Серьёзно, даже под своей мумифицированной морщинистой кожей она остаётся восьмилетней девочкой. Застрявшей. Один в один Колония Дансборо с её погорелым цирковым персоналом, — все в Сент-Энтони так же увязли в прошлом.

Я не исключение, и не думайте, что вы сами далеко ушли.

Один в один Дэнни, застрявший в колодках: точно так же Ева задержана в своём развитии.

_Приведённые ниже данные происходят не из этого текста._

(* Propagation of the crossing relation when the row of the left factor decreases. *)
lemma crossing_relation_step_left:
  assumes fH: "f * H = H * f" and fK: "f * Kk = Kk * f"
    and hg: "g = g' * f - Q * f * g'" and hJ: "J = J' * f - Q * f * J'"
    and ih: "g' * H = (- 1) * (H * g') + (Qi - Q) * J' * Kk"
  shows "g * H = (- 1) * (H * g) + (Qi - Q) * J * Kk"
proof -
  have ih': "g' * H = (Qi - Q) * (J' * Kk) - H * g'" using ih by (simp add: mult.assoc)
  show ?thesis unfolding hg hJ
    by (simp add: algebra_simps fH commute_left_comm[OF fH] fK[symmetric] commute_left_comm[OF fK[symmetric]]
        ih' mult_eq_assoc[OF ih']
        qcomm[of f] qcomm[of g'] qcomm[of H] qcomm[of J'] qcomm[of Kk] Q_Qi_cancel)
qed

end

locale UQ =
  fixes m n :: nat and \<iota> :: "Cq \<Rightarrow> 'a::ring_1" and K Kinv E F :: "nat \<Rightarrow> 'a"
  assumes relations: "uq_relations m n \<iota> K Kinv E F"
begin

abbreviation N :: nat where "N \<equiv> m + n"

abbreviation Fr :: "nat \<Rightarrow> nat \<Rightarrow> 'a" where "Fr i j \<equiv> Fij \<iota> m F i j"

definition Q :: 'a where "Q = \<iota> qv"
definition Qi :: 'a where "Qi = \<iota> (inverse qv)"

lemma iota_hom: "\<iota> 1 = 1" "\<iota> (x + y) = \<iota> x + \<iota> y" "\<iota> (x * y) = \<iota> x * \<iota> y" "\<iota> x * a = a * \<iota> x"
proof -
  have "cq_algebra \<iota>" using relations unfolding uq_relations_def by blast
  then show "\<iota> 1 = 1" "\<iota> (x + y) = \<iota> x + \<iota> y" "\<iota> (x * y) = \<iota> x * \<iota> y" "\<iota> x * a = a * \<iota> x"
    unfolding cq_algebra_def by blast+
qed

sublocale q_ring Q Qi
proof
  show "Q * Qi = 1" "Qi * Q = 1"
    unfolding Q_def Qi_def using qv_nonzero by (simp_all flip: iota_hom(3) add: iota_hom(1))
  show "Q * x = x * Q" "Qi * x = x * Qi" for x
    unfolding Q_def Qi_def by (rule iota_hom(4))+
  show "x = 0" if "(Q + Qi) * x = 0" for x
  proof -
    have "\<iota> (inverse (qv + inverse qv)) * (Q + Qi) = 1"
      unfolding Q_def Qi_def using qv_plus_inverse_nonzero by (simp flip: iota_hom(2,3) add: iota_hom(1))
    then have "x = \<iota> (inverse (qv + inverse qv)) * ((Q + Qi) * x)"
      by (simp add: mult.assoc[symmetric])
    then show "x = 0" using that by simp
  qed
qed

definition q_of :: "nat \<Rightarrow> 'a" where "q_of c = (if c \<le> m then Q else Qi)"

lemma q_of_le: "c \<le> m \<Longrightarrow> q_of c = Q" and q_of_gt: "m < c \<Longrightarrow> q_of c = Qi"
  by (simp_all add: q_of_def)

lemma q_of_cases: "q_of c = Q \<or> q_of c = Qi"
  by (simp add: q_of_def)

lemma q_of_central: "q_of c * z = z * q_of c"
  using Q_central Qi_central by (simp add: q_of_def)

lemma q_of_left_comm: "x * (q_of c * y) = q_of c * (x * y)" "x * q_of c = q_of c * x"
  by (rule central_left_comm[OF q_of_central])+

lemma F_odd_square: "F m * F m = 0"
  using relations unfolding uq_relations_def by blast

lemma F_far_commute:
  "1 \<le> i \<Longrightarrow> i < N \<Longrightarrow> 1 \<le> j \<Longrightarrow> j < N \<Longrightarrow> i + 1 < j \<or> j + 1 < i \<Longrightarrow> F i * F j = F j * F i"
  using relations unfolding uq_relations_def by auto

lemma F_serre:
  assumes "1 \<le> i" "i < N" "1 \<le> j" "j < N" "i + 1 = j \<or> j + 1 = i" "i \<noteq> m"
  shows "serre (F i) (F j) = 0"
proof -
  have "F i * F i * F j - \<iota> (qv + inverse qv) * F i * F j * F i + F j * F i * F i = 0"
    using relations assms unfolding uq_relations_def by auto
  then show ?thesis unfolding serre_def by (simp add: iota_hom(2) Q_def Qi_def)
qed

lemma F_odd_super_serre: "2 \<le> m \<Longrightarrow> 2 \<le> n \<Longrightarrow> Fr (m - 1) (m + 2) * F m + F m * Fr (m - 1) (m + 2) = 0"
  using relations unfolding uq_relations_def sbr_def by auto

lemma Fr_simple: "Fr i (Suc i) = F i"
  unfolding Fij_def by simp

lemma Fr_step_right:
  assumes "i < j"
  shows "Fr i (Suc j) = F j * Fr i j - q_of j * Fr i j * F j"
proof -
  obtain d where d: "j - i = Suc d" using assms by (cases "j - i") auto
  have "Suc j - i = Suc (Suc d)" "i + Suc d = j" using d assms by simp_all
  then show ?thesis unfolding Fij_def d by (simp add: Let_def q_of_def qq_def Q_def Qi_def)
qed

lemma Fr_step_left:
  assumes "1 \<le> i" "Suc (Suc i) \<le> j" "j \<le> N"
  shows "Fr i j = Fr (Suc i) j * F i - q_of (Suc i) * F i * Fr (Suc i) j"
  using assms(2) assms
proof (induction j rule: dec_induct)
  case base
  have "Fr i (Suc (Suc i)) = F (Suc i) * F i - q_of (Suc i) * F i * F (Suc i)"
    by (simp add: Fr_step_right Fr_simple)
  then show ?case by (simp add: Fr_simple)
next
  case (step n)
  have h1: "F n * F i = F i * F n" using step by (intro F_far_commute) auto
  have e1: "Fr i (Suc n) = F n * Fr i n - q_of n * Fr i n * F n" using step by (intro Fr_step_right) auto
  have e2: "Fr (Suc i) (Suc n) = F n * Fr (Suc i) n - q_of n * Fr (Suc i) n * F n" using step by (intro Fr_step_right) auto
  have ih: "Fr i n = Fr (Suc i) n * F i - q_of (Suc i) * F i * Fr (Suc i) n" using step by auto
  show ?case unfolding e1 e2 ih
    by (simp add: algebra_simps h1 commute_left_comm[OF h1]
        q_of_left_comm[of "F i"] q_of_left_comm[of "F n"] q_of_left_comm[of "Fr (Suc i) n"] q_of_left_comm[of "q_of n"])
qed

lemma F_commutes_distant:
  assumes "1 \<le> i" "i < j" "j \<le> N" "1 \<le> c" "c < N" "c + 1 < i \<or> j < c"
  shows "F c * Fr i j = Fr i j * F c"
proof -
  have "Suc i \<le> j" using assms by simp
  then show ?thesis using assms
  proof (induction j rule: dec_induct)
    case base
    have "F c * F i = F i * F c" using base by (intro F_far_commute) auto
    then show ?case by (simp add: Fr_simple)
  next
    case (step j)
    have h1: "F c * F j = F j * F c" using step by (intro F_far_commute) auto
    have h2: "F c * Fr i j = Fr i j * F c" using step by auto
    show ?case using step(1)
      by (simp add: Fr_step_right algebra_simps h1 h2 commute_left_comm[OF h1] commute_left_comm[OF h2]
        q_of_left_comm[of "F c"] q_of_left_comm[of "F j"] q_of_left_comm[of "Fr i j"])
  qed
qed

lemma serre_right_end:
  assumes "1 \<le> i" "i < j" "j < N" "j \<noteq> m"
  shows "serre (F j) (Fr i j) = 0"
proof (cases "j = Suc i")
  case True
  then show ?thesis using assms by (simp add: Fr_simple F_serre)
next
  case False
  then obtain j' where j': "j = Suc j'" "i < j'" using assms by (cases j) auto
  have c: "F j * Fr i j' = Fr i j' * F j" using assms j' by (intro F_commutes_distant) auto
  have s: "serre (F j) (F j') = 0" using assms j' by (intro F_serre) auto
  show ?thesis unfolding j'(1) Fr_step_right[OF j'(2)] serre_diff mult.assoc serre_scalar[OF q_of_central]
    using c s j' by (simp add: serre_mult_right serre_mult_left mult.assoc[symmetric])
qed

lemma serre_left_end:
  assumes "2 \<le> i" "i < j" "j \<le> N" "i - 1 \<noteq> m"
  shows "serre (F (i - 1)) (Fr i j) = 0"
proof -
  have "Suc i \<le> j" using assms by simp
  then show ?thesis using assms
  proof (induction j rule: dec_induct)
    case base
    then show ?case by (simp add: Fr_simple F_serre)
  next
    case (step j)
    have c: "F (i - 1) * F j = F j * F (i - 1)" using step by (intro F_far_commute) auto
    have ih: "serre (F (i - 1)) (Fr i j) = 0" using step by auto
    have e: "Fr i (Suc j) = F j * Fr i j - q_of j * (Fr i j * F j)" using step by (simp add: Fr_step_right mult.assoc)
    show ?case unfolding e serre_diff serre_scalar[OF q_of_central] using c ih
      by (simp add: serre_mult_right serre_mult_left)
  qed
qed

(* $F_c$ commutes with $F_{st}$ whenever $s < c$ and $c + 1 < t$ (and $F_c$ is even):
   the base case $t = c + 2$ uses the two Serre relations of $F_c$ with its neighbours. *)
lemma F_commutes_inner_base:
  assumes "1 \<le> s" "s < c" "c + 2 \<le> N" "c \<noteq> m"
  shows "F c * Fr s (c + 2) = Fr s (c + 2) * F c"
proof -
  have "s \<le> c - 1" using assms by simp
  then show ?thesis using assms
  proof (induction s rule: inc_induct)
    case base
    have same_q: "q_of (Suc c) = q_of c" using base by (simp add: q_of_def)
    have Su: "serre (F c) (F (c - 1)) = 0" using base by (intro F_serre) auto
    have Sw: "serre (F c) (F (Suc c)) = 0" using base by (intro F_serre) auto
    have uw: "F (c - 1) * F (Suc c) = F (Suc c) * F (c - 1)" using base by (intro F_far_commute) auto
    have e1: "Fr (c - 1) (c + 2) = F (Suc c) * Fr (c - 1) (Suc c) - q_of (Suc c) * Fr (c - 1) (Suc c) * F (Suc c)"
      using Fr_step_right[of "c - 1" "Suc c"] base by simp
    have e2: "Fr (c - 1) (Suc c) = F c * F (c - 1) - q_of c * F (c - 1) * F c"
      using Fr_step_right[of "c - 1" "c"] Fr_simple[of "c - 1"] base by simp
    show ?case unfolding e1 e2 same_q
      by (rule serre_nested_commutator[OF q_of_cases Su Sw uw])
  next
    case (step s)
    have e: "Fr s (c + 2) = Fr (Suc s) (c + 2) * F s - q_of (Suc s) * F s * Fr (Suc s) (c + 2)"
      using step by (intro Fr_step_left) auto
    have h1: "F c * Fr (Suc s) (c + 2) = Fr (Suc s) (c + 2) * F c" using step by auto
    have h2: "F c * F s = F s * F c" using step by (intro F_far_commute) auto
    show ?case unfolding e by (rule commute_q_commutator[OF h1 h2 q_of_central])
  qed
qed

lemma F_commutes_inner:
  assumes "1 \<le> s" "s < c" "c + 2 \<le> t" "t \<le> N" "c \<noteq> m"
  shows "F c * Fr s t = Fr s t * F c"
  using assms(3) assms
proof (induction t rule: dec_induct)
  case base
  then show ?case by (intro F_commutes_inner_base) auto
next
  case (step t)
  have e: "Fr s (Suc t) = F t * Fr s t - q_of t * Fr s t * F t" using step by (intro Fr_step_right) auto
  have h1: "F c * F t = F t * F c" using step by (intro F_far_commute) auto
  have h2: "F c * Fr s t = Fr s t * F c" using step by auto
  show ?case unfolding e by (rule commute_q_commutator[OF h1 h2 q_of_central])
qed

lemma odd_root_square_zero_first_column:
  assumes "1 \<le> i" "i \<le> m" "m < N"
  shows "Fr i (Suc m) * Fr i (Suc m) = 0"
  using assms(2) assms
proof (induction i rule: inc_induct)
  case base
  then show ?case by (simp add: Fr_simple F_odd_square)
next
  case (step i)
  have e: "Fr i (Suc m) = Fr (Suc i) (Suc m) * F i - Q * F i * Fr (Suc i) (Suc m)"
    using Fr_step_left[of i "Suc m"] step by (simp add: q_of_le)
  have S: "serre (F (Suc i - 1)) (Fr (Suc i) (Suc m)) = 0" using step by (intro serre_left_end) auto
  have GG: "Fr (Suc i) (Suc m) * Fr (Suc i) (Suc m) = 0" using step by auto
  show ?case unfolding e using q_commutator_square_zero(2)[OF GG] S by simp
qed

lemma odd_root_square_zero:
  assumes "1 \<le> i" "i \<le> m" "m < k" "k \<le> N"
  shows "Fr i k * Fr i k = 0"
proof -
  have "Suc m \<le> k" using assms by simp
  then show ?thesis using assms
  proof (induction k rule: dec_induct)
    case base
    then show ?case by (intro odd_root_square_zero_first_column) auto
  next
    case (step k)
    have e: "Fr i (Suc k) = F k * Fr i k - Qi * Fr i k * F k" using step by (simp add: Fr_step_right q_of_gt)
    have S: "serre (F k) (Fr i k) = 0" using step by (intro serre_right_end) auto
    have GG: "Fr i k * Fr i k = 0" using step by auto
    show ?case unfolding e using q_commutator_square_zero(1)[OF GG S] by simp
  qed
qed
(* Let $\tau$ be any substitution whose ll and rl graphs are subfixed, and let $W=\{u\in\mathcal{A}^2 : \exists a\in\mathcal{A},\ u \text{ is a factor of } \tau(a)\}$. Then \[\mathcal{L}_2(\tau)=W\cup\{\mathrm{rl}(\tau(a))\,\mathrm{ll}(\tau(b)) : ab\in W\},\] where for a nonempty word $z$, $\mathrm{ll}(z)$ and $\mathrm{rl}(z)$ denote its leftmost and rightmost letter.
   Context: Let $\mathcal{A}$ be a finite nonempty alphabet, $\mathcal{A}^2$ the set of words of length $2$. A word $u$ is a factor of $v$ if $v=w_1uw_2$ for some words $w_1,w_2$. A substitution is a map $\tau:\mathcal{A}\to\mathcal{A}^+$ (nonempty words), extended to a concatenation-respecting map on words. The language $\mathcal{L}(\tau)$ is the set of words that are factors of $\tau^n(a)$ for some letter $a$ and some $n\ge1$, and $\mathcal{L}_2(\tau)$ is its set of words of length $2$. The ll graph (resp. rl graph) is the directed graph on vertex set $\mathcal{A}$ with exactly one edge from each letter $a$ to the leftmost (resp. rightmost) letter of $\tau(a)$. Such a graph is subfixed if for every vertex $x$, either the edge leaving $x$ goes to $x$, or it goes to a vertex $y$ whose outgoing edge goes to $y$ itself. *)

theory Defs
  imports Main
begin

text \<open>Words over the alphabet 'a are lists; a substitution is a map
  tau :: 'a => 'a list with nonempty images, extended to words by concatenation.\<close>

definition is_factor :: "'a list \<Rightarrow> 'a list \<Rightarrow> bool" where
  "is_factor u v \<longleftrightarrow> (\<exists>w1 w2. v = w1 @ u @ w2)"

definition subst_word :: "('a \<Rightarrow> 'a list) \<Rightarrow> 'a list \<Rightarrow> 'a list" where
  "subst_word \<tau> w = concat (map \<tau> w)"

definition language :: "('a \<Rightarrow> 'a list) \<Rightarrow> 'a list set" where
  "language \<tau> = {u. \<exists>a n. n \<ge> 1 \<and> is_factor u ((subst_word \<tau> ^^ n) [a])}"

definition language2 :: "('a \<Rightarrow> 'a list) \<Rightarrow> 'a list set" where
  "language2 \<tau> = {u \<in> language \<tau>. length u = 2}"

definition ll_graph :: "('a \<Rightarrow> 'a list) \<Rightarrow> 'a \<Rightarrow> 'a" where
  "ll_graph \<tau> a = hd (\<tau> a)"

definition rl_graph :: "('a \<Rightarrow> 'a list) \<Rightarrow> 'a \<Rightarrow> 'a" where
  "rl_graph \<tau> a = last (\<tau> a)"

text \<open>A functional graph (one outgoing edge per vertex, given by g) is subfixed.\<close>
definition subfixed :: "('a \<Rightarrow> 'a) \<Rightarrow> bool" where
  "subfixed g \<longleftrightarrow> (\<forall>x. g x = x \<or> g (g x) = g x)"

end

theory Submission
  imports Defs
begin

text \<open>A length-2 factor of \<open>\<tau>(w)\<close> lies either inside some \<open>\<tau>(x)\<close> with \<open>x\<close> in \<open>w\<close>, or
  across the junction of \<open>\<tau>(x)\<close> and \<open>\<tau>(y)\<close> for a length-2 factor \<open>xy\<close> of \<open>w\<close>, where it
  is \<open>rl(\<tau>(x)) ll(\<tau>(y))\<close>. Iterating, the length-2 words of the language are those of
  \<open>W\<close> together with the junction words of \<open>W\<close>, of junction words of \<open>W\<close>, and so on.
  Subfixedness makes \<open>ll \<circ> \<tau>\<close> and \<open>rl \<circ> \<tau>\<close> idempotent, so taking junction words
  twice gives nothing new and the iteration stops after one step.\<close>

lemma subfixed_idem: "subfixed g \<Longrightarrow> g (g x) = g x"
  unfolding subfixed_def by metis

definition factors2 :: "'a list \<Rightarrow> 'a list set" where
  "factors2 w = {u. length u = 2 \<and> is_factor u w}"

lemma is_factor_Cons:
  "is_factor u (x # w) \<longleftrightarrow> (\<exists>v w'. u = x # v \<and> w = v @ w') \<or> is_factor u w"
  unfolding is_factor_def by (auto simp: Cons_eq_append_conv) (metis append_Nil)+

lemma factors2_Nil [simp]: "factors2 [] = {}"
  by (auto simp: factors2_def is_factor_def)

lemma factors2_singleton [simp]: "factors2 [x] = {}"
  by (auto simp: factors2_def is_factor_def dest!: arg_cong[where f = length])

lemma factors2_Cons_Cons [simp]: "factors2 (x # y # w) = insert [x, y] (factors2 (y # w))"
  by (auto simp: factors2_def is_factor_Cons length_Suc_conv numeral_2_eq_2 Cons_eq_append_conv)

lemma factors2_append:
  "xs \<noteq> [] \<Longrightarrow> ys \<noteq> [] \<Longrightarrow>
    factors2 (xs @ ys) = insert [last xs, hd ys] (factors2 xs \<union> factors2 ys)"
proof (induction xs rule: induct_list012)
  case (2 x)
  then show ?case by (cases ys) auto
next
  case (3 x x' xs)
  then show ?case by auto
qed simp

definition junction_words :: "('a \<Rightarrow> 'a list) \<Rightarrow> 'a list set \<Rightarrow> 'a list set" where
  "junction_words \<tau> X = {[last (\<tau> a), hd (\<tau> b)] | a b. [a, b] \<in> X}"

lemma junction_words_mono: "X \<subseteq> Y \<Longrightarrow> junction_words \<tau> X \<subseteq> junction_words \<tau> Y"
  unfolding junction_words_def by blast

lemma junction_words_Un: "junction_words \<tau> (X \<union> Y) = junction_words \<tau> X \<union> junction_words \<tau> Y"
  unfolding junction_words_def by blast

lemma junction_words_insert [simp]:
  "junction_words \<tau> (insert [a, b] X) = insert [last (\<tau> a), hd (\<tau> b)] (junction_words \<tau> X)"
  unfolding junction_words_def by blast

lemma junction_words_empty [simp]: "junction_words \<tau> {} = {}"
  unfolding junction_words_def by blast

lemma junction_words_idem:
  assumes "subfixed (ll_graph \<tau>)" and "subfixed (rl_graph \<tau>)"
  shows "junction_words \<tau> (junction_words \<tau> X) = junction_words \<tau> X"
proof -
  have "hd (\<tau> (hd (\<tau> b))) = hd (\<tau> b)" and "last (\<tau> (last (\<tau> a))) = last (\<tau> a)" for a b
    using subfixed_idem[OF assms(1), of b] subfixed_idem[OF assms(2), of a]
    by (simp_all add: ll_graph_def rl_graph_def)
  then show ?thesis
    unfolding junction_words_def by (auto; metis)
qed

lemma subst_word_Nil [simp]: "subst_word \<tau> [] = []"
  by (simp add: subst_word_def)

lemma subst_word_Cons [simp]: "subst_word \<tau> (x # w) = \<tau> x @ subst_word \<tau> w"
  by (simp add: subst_word_def)

lemma subst_word_singleton [simp]: "subst_word \<tau> [a] = \<tau> a"
  by (simp add: subst_word_def)

lemma factors2_subst_word:
  assumes nonempty: "\<And>a. \<tau> a \<noteq> []"
  shows "factors2 (subst_word \<tau> w) =
    (\<Union>x\<in>set w. factors2 (\<tau> x)) \<union> junction_words \<tau> (factors2 w)"
proof (induction w rule: induct_list012)

  case (3 x y w)
  have "factors2 (subst_word \<tau> (x # y # w)) =
      insert [last (\<tau> x), hd (\<tau> y)] (factors2 (\<tau> x) \<union> factors2 (subst_word \<tau> (y # w)))"
    using factors2_append[of "\<tau> x" "subst_word \<tau> (y # w)"] nonempty by simp
  then show ?case
    using "3.IH"(2) by auto
qed simp_all

lemma language2_iff:
  "u \<in> language2 \<tau> \<longleftrightarrow> (\<exists>c n. n \<ge> 1 \<and> u \<in> factors2 ((subst_word \<tau> ^^ n) [c]))"
  unfolding language2_def language_def factors2_def by blast

lemma factors2_iterate_subset:
  assumes nonempty: "\<And>a. \<tau> a \<noteq> []"
    and "subfixed (ll_graph \<tau>)" and "subfixed (rl_graph \<tau>)"
  defines "W \<equiv> \<Union>a. factors2 (\<tau> a)"
  shows "factors2 ((subst_word \<tau> ^^ n) [c]) \<subseteq> W \<union> junction_words \<tau> W"
proof (induction n)
  case (Suc n)
  let ?w = "(subst_word \<tau> ^^ n) [c]"
  have "factors2 ((subst_word \<tau> ^^ Suc n) [c]) \<subseteq> W \<union> junction_words \<tau> (factors2 ?w)"
    using factors2_subst_word[OF nonempty, where w = ?w] by (auto simp: W_def)
  also have "\<dots> \<subseteq> W \<union> junction_words \<tau> (W \<union> junction_words \<tau> W)"
    using junction_words_mono[OF Suc.IH] by blast
  also have "\<dots> = W \<union> junction_words \<tau> W"
    by (auto simp: junction_words_Un junction_words_idem assms)
  finally show ?case .
qed simp

lemma language2_eq:
  assumes nonempty: "\<And>a. \<tau> a \<noteq> []"
    and "subfixed (ll_graph \<tau>)" and "subfixed (rl_graph \<tau>)"
  defines "W \<equiv> \<Union>a. factors2 (\<tau> a)"
  shows "language2 \<tau> = W \<union> junction_words \<tau> W"
proof
  show "language2 \<tau> \<subseteq> W \<union> junction_words \<tau> W"
    using factors2_iterate_subset[OF assms(1-3)] unfolding subset_iff language2_iff W_def by blast
  have "factors2 (\<tau> c) \<subseteq> language2 \<tau>" for c
  proof -
    have "factors2 (\<tau> c) = factors2 ((subst_word \<tau> ^^ 1) [c])"
      by simp
    then show ?thesis
      using language2_iff[of _ \<tau>] by (metis order_refl subsetI)
  qed
  moreover have "junction_words \<tau> (factors2 (\<tau> c)) \<subseteq> language2 \<tau>" for c
  proof -
    have "junction_words \<tau> (factors2 (\<tau> c)) \<subseteq> factors2 ((subst_word \<tau> ^^ 2) [c])"
      using factors2_subst_word[OF nonempty, where w = "\<tau> c"] by (simp add: numeral_2_eq_2)
    then show ?thesis
      using language2_iff[of _ \<tau>] by (metis one_le_numeral subsetD subsetI)
  qed
  ultimately show "W \<union> junction_words \<tau> W \<subseteq> language2 \<tau>"
    unfolding W_def junction_words_def by blast
qed

theorem mainTheorem12:
  fixes \<tau> :: "'a::finite \<Rightarrow> 'a list"
  assumes nonempty: "\<And>a. \<tau> a \<noteq> []"
    and ll_sub: "subfixed (ll_graph \<tau>)"
    and rl_sub: "subfixed (rl_graph \<tau>)"
  defines "W \<equiv> {u. length u = 2 \<and> (\<exists>a. is_factor u (\<tau> a))}"
  shows "language2 \<tau> = W \<union> {[last (\<tau> a), hd (\<tau> b)] | a b. [a, b] \<in> W}"
proof -
  have "W = (\<Union>a. factors2 (\<tau> a))"
    unfolding W_def factors2_def by blast
  then show ?thesis
    using language2_eq[OF nonempty ll_sub rl_sub] unfolding junction_words_def by simp
qed

end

— Ты, — произносит Ева, тыча в меня дрожащим пальцем. — Ты поранил мою ву-ву.

Все эти встрявшие старики.

— О, ты сказал, что это просто такая игра, — рассказывает она и запрокидывает голову. Её голос затягивает песню. — Это была просто наша секретная игра, но потом ты вставил в меня свою большую мужскую штуку, — её костлявый резной пальчик тычет в воздух у моей промежности.

На полном серьёзе, уже сама мысль вызывает у моей большой мужской штуки сильное желание с криками вылететь из комнаты.

Беда в том, что повсюду в Сент-Энтони такие дела. Ещё одна древняя куча костей считает, что я занял у неё пятьсот долларов. Другая старая кошёлка зовёт меня дьяволом.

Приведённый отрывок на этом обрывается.